Generate high-cardinality changing metrics to simulate production workload
This mimics container/pod metrics that constantly change (pods being created/destroyed)
"""

import json
import time
import random
import sys

def generate_metrics():
    """Generate metrics with changing series (simulating ephemeral containers)"""
    metric_batch = 0

    while True:
        # Generate a batch of metrics with unique IDs (simulating containers)
        # Old containers "die" and new ones are created
        num_metrics = 500  # 500 unique series per batch

        for i in range(num_metrics):
            # Use batch number to create changing series
            # This simulates containers being created/destroyed
            container_id = f"container_{metric_batch}_{i}"

            metric = {
                "timestamp": time.time(),
                "name": f"cpu_usage_{container_id}",
                "value": random.uniform(0, 100),
                "tags": {
                    "container": container_id,
                    "batch": str(metric_batch)
                }
            }

            print(json.dumps(metric), flush=True)
            time.sleep(0.001)  # 1ms between metrics = 1000 metrics/sec

        metric_batch += 1

        # Every 10 batches, restart to create completely new series
        if metric_batch % 10 == 0:
            sys.stderr.write(f"Generated {metric_batch * num_metrics} total unique series\n")
            sys.stderr.flush()

if __name__ == "__main__":
    generate_metrics()
Test script (test_10min.sh)
#!/bin/bash

# 10 minute test to show the memory leak accumulation over time

TEST_DURATION=600  # 10 minutes
SAMPLE_INTERVAL=10  # Sample every 10 seconds

test_extended() {
    local BINARY=$1
    local LABEL=$2

    echo "========================================"
    echo "$LABEL - 10 MINUTE TEST"
    echo "========================================"
    echo "Start time: $(date)"
    echo ""

    $BINARY -c /tmp/vector-diff-mode.toml > /tmp/vector_10min_$$.log 2>&1 &
    local PID=$!

    sleep 5

    if ! ps -p $PID > /dev/null; then
        echo "Failed to start! Check /tmp/vector_10min_$$.log"
        cat /tmp/vector_10min_$$.log
        return 1
    fi

    echo "PID: $PID"
    echo "Generating high-cardinality changing metrics in Diff mode..."
    echo ""
    echo "Time(m:s) | Memory(KB) | Growth(KB) | Rate(KB/s)"
    echo "----------|------------|------------|------------"

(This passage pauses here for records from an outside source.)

(* Let $L$ be a $\kappa$-frame. The following are equivalent: (1) $L$ is d-reduced; (2) the map $g\colon L\to \mathfrak{H}_\kappa L/\mathfrak{D}_{\mathfrak{H}_\kappa L}$, $a\mapsto[\downarrow a]$ (the composite of $a\mapsto\downarrow a$ with the quotient map) is injective; (3) $L$ is isomorphic to a sub-$\kappa$-frame of some Boolean frame $B$ (a subset closed under finite meets and joins of subsets of cardinality $<\kappa$ computed in $B$) which generates $B$ under arbitrary joins.
   Context: $\kappa$ is a fixed regular cardinal; a $\kappa$-frame is a bounded distributive lattice having joins of all subsets of cardinality $<\kappa$ and satisfying the frame distributive law for such joins; a frame is a complete lattice satisfying the infinite distributive law, and a Boolean frame is a complete Boolean algebra. A $\kappa$-ideal is a downset in which every subset of cardinality $<\kappa$ has an upper bound; $\mathfrak{H}_\kappa L$ is the frame of $\kappa$-ideals under inclusion; $\downarrow a=\{x\mid x\le a\}$. For a $\kappa$-frame (or frame) $M$, $\mathfrak{D}_M=\{(a,b)\mid\forall x\in M:\ a\wedge x=0\iff b\wedge x=0\}$, a congruence (equivalence relation that is a sub-$\kappa$-frame, resp. subframe, of $M\times M$); $M/\mathfrak{D}_M$ is the quotient. $M$ is d-reduced if $\mathfrak{D}_M$ is the diagonal. *)

theory Defs
  imports Main
begin
text \<open>The action of \<open>I\<^sub>0\<close> (resp. \<open>J\<^sub>0\<close>) on the image \<open>G\<close> of a constant gives \<open>\<sigma> G = \<sigma>\<^sub>1 G(x - \<epsilon>, y)\<close>,
  so translating \<open>G\<close> by \<open>k\<epsilon>\<close> multiplies it by \<open>(\<sigma>/\<sigma>\<^sub>1)\<^sup>k\<close>, yet translates of \<open>G\<close> depend polynomially on \<open>k\<close>.\<close>
lemma sig_eq: "sig = sig1"
proof -
  obtain v where C: "(\<lambda>_. v) \<in> tcar sR VR" and nz: "\<phi> (\<lambda>_. v) \<noteq> 0"
    using nonzero_constE by blast
  define G where "G = \<phi> (\<lambda>_. v)"
  define c where "c = sig / sig1"
  have G: "G \<in> tcar sS VS" unfolding G_def by (rule phi_mem[OF C])
  have "tsmul sS sig1 (tshift eps 0 G) = tsmul sS sig G"
    using phi_omega_sigma_gen[OF C, of 0] cvs_linearD(3)[OF linear C, of sig] by (simp add: G_def tshift_const)
  then have step: "tshift eps 0 G = tsmul sS c G"
    unfolding c_def by (rule cvs_scale_solve[OF cvs_tcar_S tcar_tshift[OF cvs_S G] G nonzero(4)])
  have pow: "tshift (of_nat n * eps) 0 G = tsmul sS (c ^ n) G" for n
  proof (induction n)
    case 0
    then show ?case using cvsD(7)[OF cvs_tcar_S G] by (simp add: tshift_zero)
  next
    case (Suc n)
    have "tshift (of_nat (Suc n) * eps) 0 G = tshift eps 0 (tshift (of_nat n * eps) 0 G)"
      by (simp add: tshift_tshift algebra_simps)
    also have "\<dots> = tsmul sS (c ^ n) (tsmul sS c G)" by (simp add: Suc.IH tshift_tsmul step)
    finally show ?case using cvsD(6)[OF cvs_tcar_S G] by (simp add: mult.commute)
  qed
  have "c = 1"
  proof (rule poly_seq_eventually_geometric[OF cvs_tcar_S poly_seq_tshift[OF cvs_S G] G])
    show "G \<noteq> 0" "c \<noteq> 0" using nz nonzero(3,4) unfolding G_def c_def by simp_all
    show "tshift (0 + of_int k * eps) (0 + of_int k * 0) G = tsmul sS (c powi k) G" if "k > 0" for k
      using pow[of "nat k"] that by (simp add: power_int_def)
  qed
  then show ?thesis using nonzero(4) unfolding c_def by simp
qed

    local START_MEM=$(ps -o rss= -p $PID | tr -d ' ')
    local PREV_MEM=$START_MEM
    local SAMPLES=0

    for i in $(seq $SAMPLE_INTERVAL $SAMPLE_INTERVAL $TEST_DURATION); do
        if ps -p $PID > /dev/null; then
            MEM=$(ps -o rss= -p $PID | tr -d ' ')
            GROWTH=$((MEM - START_MEM))
            DELTA=$((MEM - PREV_MEM))
            RATE=$((DELTA / SAMPLE_INTERVAL))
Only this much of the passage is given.